1)  We each need to vote... all of us.

2)  We also need to defend the voting rights of others as we approach November 8, 2022.

3)  We need to work for local, state, and national candidates who reflect our values.

4)  We need to vote out Republicans who are still claiming that Trump won the 2020 election.  

5)  We need to throw out US Senators who won't vote to ban assault rifles--who value guns more than children's lives.  We need to elect Senators who will eliminate the filibuster and pass legislation to restore our right to make our own decision about an unplanned pregnancy.

Many Black people consider July 4th to be a holiday for White folks only.  Their African ancestors were captured, transported, and held in slavery while White Americans celebrated the day their forefathers had declared independence from Great Britain and started fighting for freedom. For nearly one hundred years, Independence Day was a hypocritical mess.  
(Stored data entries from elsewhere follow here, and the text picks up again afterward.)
(* Fix $k\ge0$. Let $\Omega\subset\mathbb{R}^d$ be compact with $[-r,r]^d\subseteq\Omega$ for some $r>0$, and let $\mathbf{z}=(z_\alpha)_{\|\alpha\|_1\le k}\in\mathbb{R}^{\binom{k+d}{d}}$ be arbitrary. Then the problem $$\inf_{\mu\in\mathcal{M}(\Omega)}\|\mu\|_{\mathrm{TV}}\quad\text{subject to}\quad\int_\Omega x^\alpha\,d\mu(x)=z_\alpha\ \text{ for all }\|\alpha\|_1\le k$$ has a solution, and every solution $\mu^*$ satisfies $\|\mu^*\|_{\mathrm{TV}}\le e^{2dk/r}\|\mathbf{z}\|_\infty$.
   Context: $\mathcal{M}(\Omega)$: signed Radon measures on $\Omega$ with finite total variation, $\|\cdot\|_{\mathrm{TV}}$ the total variation norm. Multi-index notation $x^\alpha=x_1^{\alpha_1}\cdots x_d^{\alpha_d}$, $\|\alpha\|_1=\sum_i\alpha_i$; $\|\mathbf{z}\|_\infty=\max_\alpha|z_\alpha|$. *)

theory Defs
  imports "HOL-Analysis.Analysis"
begin

text \<open>Points of R^d are vectors real^'d (d = CARD('d)). Multi-indices are
functions 'd \<Rightarrow> nat; |alpha|_1 = sum over coordinates.\<close>

definition multi_indices :: "nat \<Rightarrow> ('d::finite \<Rightarrow> nat) set" where
  "multi_indices k = {\<alpha>. (\<Sum>i\<in>UNIV. \<alpha> i) \<le> k}"

definition monomial :: "('d::finite \<Rightarrow> nat) \<Rightarrow> real^'d \<Rightarrow> real" where
  "monomial \<alpha> x = (\<Prod>i\<in>UNIV. (x $ i) ^ (\<alpha> i))"

text \<open>A finite signed (Radon) measure on the compact set Omega, represented by its
Jordan decomposition: a pair of mutually singular finite Borel measures on Omega.\<close>

definition signed_measure_on ::
  "(real^'d::finite) set \<Rightarrow> (real^'d) measure \<times> (real^'d) measure \<Rightarrow> bool" where
  "signed_measure_on \<Omega> \<mu> \<longleftrightarrow>
     sets (fst \<mu>) = sets (restrict_space borel \<Omega>) \<and>
     sets (snd \<mu>) = sets (restrict_space borel \<Omega>) \<and>
     finite_measure (fst \<mu>) \<and> finite_measure (snd \<mu>) \<and>
     (\<exists>P \<in> sets (restrict_space borel \<Omega>).
        emeasure (fst \<mu>) (\<Omega> - P) = 0 \<and> emeasure (snd \<mu>) P = 0)"

definition tv_norm :: "(real^'d::finite) set \<Rightarrow> (real^'d) measure \<times> (real^'d) measure \<Rightarrow> real" where
  "tv_norm \<Omega> \<mu> = measure (fst \<mu>) \<Omega> + measure (snd \<mu>) \<Omega>"

definition signed_integral ::
  "(real^'d::finite) measure \<times> (real^'d) measure \<Rightarrow> (real^'d \<Rightarrow> real) \<Rightarrow> real" where
  "signed_integral \<mu> f = (\<integral>x. f x \<partial>(fst \<mu>)) - (\<integral>x. f x \<partial>(snd \<mu>))"

definition moment_sup_norm :: "nat \<Rightarrow> (('d::finite \<Rightarrow> nat) \<Rightarrow> real) \<Rightarrow> real" where
  "moment_sup_norm k z = Max ((\<lambda>\<alpha>. \<bar>z \<alpha>\<bar>) ` multi_indices k)"

end

theory Submission
  imports Defs "HOL-Computational_Algebra.Polynomial"
begin

text \<open>In one variable the functionals \<open>p \<mapsto> coeff p j\<close>, \<open>j \<le> k\<close>, on polynomials of
  degree \<open>\<le> k\<close> are integrals against atomic measures on \<open>[-r, r]\<close> supported at scaled
  Chebyshev nodes (Lagrange interpolation), and Markov's coefficient inequality bounds their
  total masses by \<open>e\<^sup>2\<^sup>k\<^sup>/\<^sup>r\<close> altogether. Tensor products of these measures, weighted by \<open>z\<close>,
  give a feasible measure on \<open>[-r, r]\<^sup>d\<close> of total variation at most \<open>e\<^sup>2\<^sup>d\<^sup>k\<^sup>/\<^sup>r \<parallel>z\<parallel>\<^sub>\<infinity>\<close>,
  so every minimiser obeys this bound.

  Uniform continuity approximates every feasible measure, in its finitely many
  moments, by atomic measures of no larger total variation, and a Caratheodory-type argument
  reduces the number of atoms to the number \<open>N\<close> of moments. Along a minimising sequence the
  \<open>N\<close> atoms and their weights range over a compact set; a convergent subsequence yields an
  atomic measure with the exact moments and minimal total variation.\<close>

section \<open>Chebyshev polynomials\<close>

fun chebyshev :: "nat \<Rightarrow> real poly" where
  "chebyshev 0 = 1"
| "chebyshev (Suc 0) = [:0, 1:]"
| "chebyshev (Suc (Suc n)) = [:0, 2:] * chebyshev (Suc n) - chebyshev n"

lemma poly_chebyshev_cos: "poly (chebyshev n) (cos t) = cos (real n * t)"
proof (induction n rule: chebyshev.induct)
  case (3 n)
  have "cos (real (Suc (Suc n)) * t) = 2 * cos t * cos (real (Suc n) * t) - cos (real n * t)"
  proof -
    have a: "real (Suc (Suc n)) * t = real (Suc n) * t + t" by (simp add: algebra_simps)
    have b: "real n * t = real (Suc n) * t - t" by (simp add: algebra_simps)
    show ?thesis unfolding a b cos_add cos_diff by (simp add: algebra_simps)
  qed
  then show ?case using 3 by simp
qed simp_all

lemma degree_chebyshev: "degree (chebyshev n) \<le> n"
proof (induction n rule: chebyshev.induct)
  case (3 n)
  have "degree ([:0, 2:] * chebyshev (Suc n)) \<le> Suc (Suc n)"
    using degree_mult_le[of "[:0,2:]" "chebyshev (Suc n)"] 3(1) by simp
  moreover have "degree (chebyshev n) \<le> Suc (Suc n)" using 3(2) by simp
  ultimately show ?case by (simp add: degree_diff_le)
qed auto

lemma coeff_chebyshev_Suc_Suc:
  "coeff (chebyshev (Suc (Suc n))) 0 = - coeff (chebyshev n) 0"
  "coeff (chebyshev (Suc (Suc n))) (Suc j) = 2 * coeff (chebyshev (Suc n)) j - coeff (chebyshev n) (Suc j)"
  by (simp_all add: coeff_pCons)

lemma coeff_chebyshev_sign:
  "(odd (n + j) \<longrightarrow> coeff (chebyshev n) j = 0) \<and> (-1) ^ ((n - j) div 2) * coeff (chebyshev n) j \<ge> 0"
proof (induction n arbitrary: j rule: chebyshev.induct)
  case 1 then show ?case by (cases j) auto
next
  case 2 then show ?case by (cases j) (auto simp: coeff_pCons split: nat.splits)
next
  case (3 n)
  show ?case
  proof (cases j)
    case 0
    have e: "(Suc (Suc n) - 0) div 2 = Suc (n div 2)" by simp
    show ?thesis using 3(2)[of 0] unfolding 0 coeff_chebyshev_Suc_Suc e by simp
  next
    case (Suc i)
    have par: "odd (Suc (Suc n) + Suc i) \<Longrightarrow> coeff (chebyshev (Suc n)) i = 0 \<and> coeff (chebyshev n) (Suc i) = 0"
      using 3(1)[of i] 3(2)[of "Suc i"] by simp
    have sgn1: "(-1) ^ ((Suc n - i) div 2) * coeff (chebyshev (Suc n)) i \<ge> 0" using 3(1)[of i] by simp
    have sgn2: "(-1) ^ ((Suc n - i) div 2) * coeff (chebyshev n) (Suc i) \<le> 0"
    proof (cases "Suc i \<le> n")
      case True
      then have "(Suc n - i) div 2 = Suc ((n - Suc i) div 2)" by (simp add: Suc_diff_le)
      then show ?thesis using 3(2)[of "Suc i"] by simp
    next
      case False
      then show ?thesis using degree_chebyshev[of n] by (simp add: coeff_eq_0)
    qed
    have "(Suc (Suc n) - Suc i) div 2 = (Suc n - i) div 2" by simp
    then show ?thesis unfolding Suc coeff_chebyshev_Suc_Suc using par sgn1 sgn2 by (auto simp: algebra_simps)
  qed
qed

text \<open>\<open>chebyshev_abs n\<close> is \<open>i\<^sup>-\<^sup>n T\<^sub>n(i t)\<close>, where \<open>T\<^sub>n = chebyshev n\<close>.\<close>

fun chebyshev_abs :: "nat \<Rightarrow> real poly" where
  "chebyshev_abs 0 = 1"
| "chebyshev_abs (Suc 0) = [:0, 1:]"
| "chebyshev_abs (Suc (Suc n)) = [:0, 2:] * chebyshev_abs (Suc n) + chebyshev_abs n"

lemma coeff_chebyshev_abs: "coeff (chebyshev_abs n) j = \<bar>coeff (chebyshev n) j\<bar>"
proof (induction n arbitrary: j rule: chebyshev.induct)
  case 1 then show ?case by (cases j) auto
next
  case 2 then show ?case by (cases j) (auto simp: coeff_pCons split: nat.splits)
next
  case (3 n)
  show ?case
  proof (cases j)
    case 0
    then show ?thesis using 3(2)[of 0] by (simp add: coeff_chebyshev_Suc_Suc)
  next
    case (Suc i)
    have sgn1: "(-1) ^ ((Suc n - i) div 2) * coeff (chebyshev (Suc n)) i \<ge> 0"
      using coeff_chebyshev_sign[of "Suc n" i] by simp
    have sgn2: "(-1) ^ ((Suc n - i) div 2) * coeff (chebyshev n) (Suc i) \<le> 0"
    proof (cases "Suc i \<le> n")
      case True
      then have "(Suc n - i) div 2 = Suc ((n - Suc i) div 2)" by (simp add: Suc_diff_le)
      then show ?thesis using coeff_chebyshev_sign[of n "Suc i"] by simp
    next
      case False
      then show ?thesis using degree_chebyshev[of n] by (simp add: coeff_eq_0)
    qed
    have opposite: "\<bar>2 * a - b\<bar> = 2 * \<bar>a\<bar> + \<bar>b\<bar>" if "s * a \<ge> 0" "s * b \<le> 0" "s = 1 \<or> s = -1"
      for a b s :: real
      using that by (auto simp: abs_if)
    have "\<bar>coeff (chebyshev (Suc (Suc n))) (Suc i)\<bar> =
          2 * \<bar>coeff (chebyshev (Suc n)) i\<bar> + \<bar>coeff (chebyshev n) (Suc i)\<bar>"
      unfolding coeff_chebyshev_Suc_Suc
      by (rule opposite[OF sgn1 sgn2]) (simp add: minus_one_power_iff)
    then show ?thesis using 3 unfolding Suc by (simp add: coeff_pCons)
  qed
qed

lemma degree_chebyshev_abs: "degree (chebyshev_abs n) \<le> n"
  using degree_chebyshev[of n] by (intro degree_le) (simp add: coeff_chebyshev_abs coeff_eq_0)

lemma poly_chebyshev_abs:
  fixes u :: real
  defines "\<rho> \<equiv> u + sqrt (1 + u\<^sup>2)" and "\<sigma> \<equiv> sqrt (1 + u\<^sup>2) - u"
  shows "poly (chebyshev_abs n) u = (\<rho> ^ n + (-\<sigma>) ^ n) / 2"
proof (induction n rule: chebyshev_abs.induct)
  case (3 n)
  have s2: "sqrt (1 + u\<^sup>2) ^ 2 = 1 + u\<^sup>2" by (simp add: add_pos_nonneg)
  have sq: "\<rho> * \<rho> = 2 * u * \<rho> + 1" "(-\<sigma>) * (-\<sigma>) = 2 * u * (-\<sigma>) + 1"
    using s2 by (simp_all add: \<rho>_def \<sigma>_def algebra_simps power2_eq_square)
  have roots: "y ^ Suc (Suc n) = 2 * u * y ^ Suc n + y ^ n" if "y * y = 2 * u * y + 1" for y
  proof -
    have "y ^ Suc (Suc n) = (y * y) * y ^ n" by simp
    then show ?thesis using that by (simp add: algebra_simps)
  qed
  have "poly (chebyshev_abs (Suc (Suc n))) u = 2 * u * poly (chebyshev_abs (Suc n)) u + poly (chebyshev_abs n) u"
    by simp
  also have "\<dots> = 2 * u * ((\<rho> ^ Suc n + (-\<sigma>) ^ Suc n) / 2) + (\<rho> ^ n + (-\<sigma>) ^ n) / 2"
    using 3 by (simp only:)
  also have "\<dots> = ((2 * u * \<rho> ^ Suc n + \<rho> ^ n) + (2 * u * (-\<sigma>) ^ Suc n + (-\<sigma>) ^ n)) / 2"
    by (simp add: field_simps)
  also have "\<dots> = (\<rho> ^ Suc (Suc n) + (-\<sigma>) ^ Suc (Suc n)) / 2"
    using roots[OF sq(1)] roots[OF sq(2)] by simp
  finally show ?case .
qed (simp_all add: \<rho>_def \<sigma>_def)

lemma add_sqrt_one_plus_square_le_exp: "(u::real) \<ge> 0 \<Longrightarrow> u + sqrt (1 + u\<^sup>2) \<le> exp u"
proof -
  assume u: "u \<ge> 0"
  have "sqrt (1 + u\<^sup>2) \<le> 1 + u\<^sup>2 / 2"
    by (rule real_le_lsqrt) (auto simp: power2_eq_square algebra_simps add_nonneg_nonneg u)
  then show ?thesis using exp_lower_Taylor_quadratic[OF u] by simp
qed

lemma power_add_Suc_reciprocal_le:
  fixes \<rho> \<sigma> :: real
  assumes r1: "\<rho> \<ge> 1" and rs: "\<rho> * \<sigma> = 1" and k: "k \<ge> 1"
  shows "(\<rho> ^ k + (-\<sigma>) ^ k) / 2 + (\<rho> ^ Suc k + (-\<sigma>) ^ Suc k) / 2 \<le> \<rho> ^ (2 * k)"
proof -
  have "\<sigma> = 1 / \<rho>" using rs r1 by (auto simp: field_simps)
  then have sg0: "\<sigma> \<ge> 0" and sg1: "\<sigma> \<le> 1" using r1 by auto
  have a: "\<rho> ^ Suc k \<le> \<rho> ^ (2 * k)" using r1 k by (intro power_increasing) auto
  have b: "(-\<sigma>) ^ k + (-\<sigma>) ^ Suc k \<le> 1 - \<sigma>"
  proof -
    have "(-\<sigma>) ^ k + (-\<sigma>) ^ Suc k = (-\<sigma>) ^ k * (1 - \<sigma>)" by (simp add: algebra_simps)
    also have "\<dots> \<le> \<bar>(-\<sigma>) ^ k\<bar> * (1 - \<sigma>)" using sg1 by (intro mult_right_mono abs_ge_self) auto
    also have "\<bar>(-\<sigma>) ^ k\<bar> = \<sigma> ^ k" using sg0 by (simp add: power_abs)
    also have "\<sigma> ^ k * (1 - \<sigma>) \<le> 1 * (1 - \<sigma>)" using sg0 sg1 by (intro mult_right_mono power_le_one) auto
    finally show ?thesis by simp
  qed
  have c: "\<rho> ^ k + (1 - \<sigma>) \<le> \<rho> ^ (2 * k)"
  proof -
    have "(\<rho> - 1) * (1 - \<sigma>) \<ge> 0" using r1 sg1 by simp
    then have "1 - \<sigma> \<le> \<rho> - 1" using rs by (simp add: algebra_simps)
    also have "\<rho> - 1 \<le> \<rho> ^ k - 1" using r1 k by (simp add: power_increasing[of 1 k \<rho>, simplified])
    also have "\<rho> ^ k - 1 \<le> \<rho> ^ k * (\<rho> ^ k - 1)"
      using r1 by (intro mult_right_mono[of 1 "\<rho> ^ k", simplified]) (auto simp: one_le_power)
    also have "\<rho> ^ k * (\<rho> ^ k - 1) = \<rho> ^ (2 * k) - \<rho> ^ k"
      by (simp add: algebra_simps power_mult power2_eq_square mult_2 power_add)
    finally show ?thesis by simp
  qed
  show ?thesis using a b c by (simp add: field_simps)
qed

lemma poly_chebyshev_abs_add_Suc_le_exp:
  fixes u :: real
  assumes u: "u \<ge> 0" and k: "k \<ge> 1"
  shows "poly (chebyshev_abs k) u + poly (chebyshev_abs (Suc k)) u \<le> exp (2 * real k * u)"
proof -
  define \<rho> where "\<rho> = u + sqrt (1 + u\<^sup>2)"
  have "sqrt (1 + u\<^sup>2) \<ge> 1" by simp
  then have r1: "\<rho> \<ge> 1" unfolding \<rho>_def using u by linarith
  have "\<rho> * (sqrt (1 + u\<^sup>2) - u) = 1"
    unfolding \<rho>_def by (simp add: algebra_simps power2_eq_square add_pos_nonneg)
  then have "poly (chebyshev_abs k) u + poly (chebyshev_abs (Suc k)) u \<le> \<rho> ^ (2 * k)"
    unfolding poly_chebyshev_abs \<rho>_def[symmetric] by (rule power_add_Suc_reciprocal_le[OF r1 _ k])
  also have "\<rho> ^ (2 * k) \<le> exp u ^ (2 * k)"
    using add_sqrt_one_plus_square_le_exp[OF u] r1 unfolding \<rho>_def by (intro power_mono) auto
  also have "exp u ^ (2 * k) = exp (2 * real k * u)" by (simp add: exp_of_nat_mult[symmetric] mult_ac)
  finally show ?thesis .
qed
In some ways, July 4 still is a day that highlights unequal levels of rights and freedoms based on race.  Kyle J. Howard issued a six-part tweet today pointing out that this year, the historical split-vision still exists.  Most whites are celebrating freedom while Blacks are enraged over the police shooting of Jayland Walker in Akron, Ohio, after a mere traffic stop.  Jayland was denied the most basic of freedoms--life and liberty--after being chased for a broken tail light.  

For the record, I'm not celebrating America's independence from George III today.  

I'm rejoicing that King Donald is no longer our boss, and he may go to jail.  I'm grateful that we still have a democracy and that votes here still count.

So I bought some decorations and began making cupcakes...  John and I are having a party here with friends.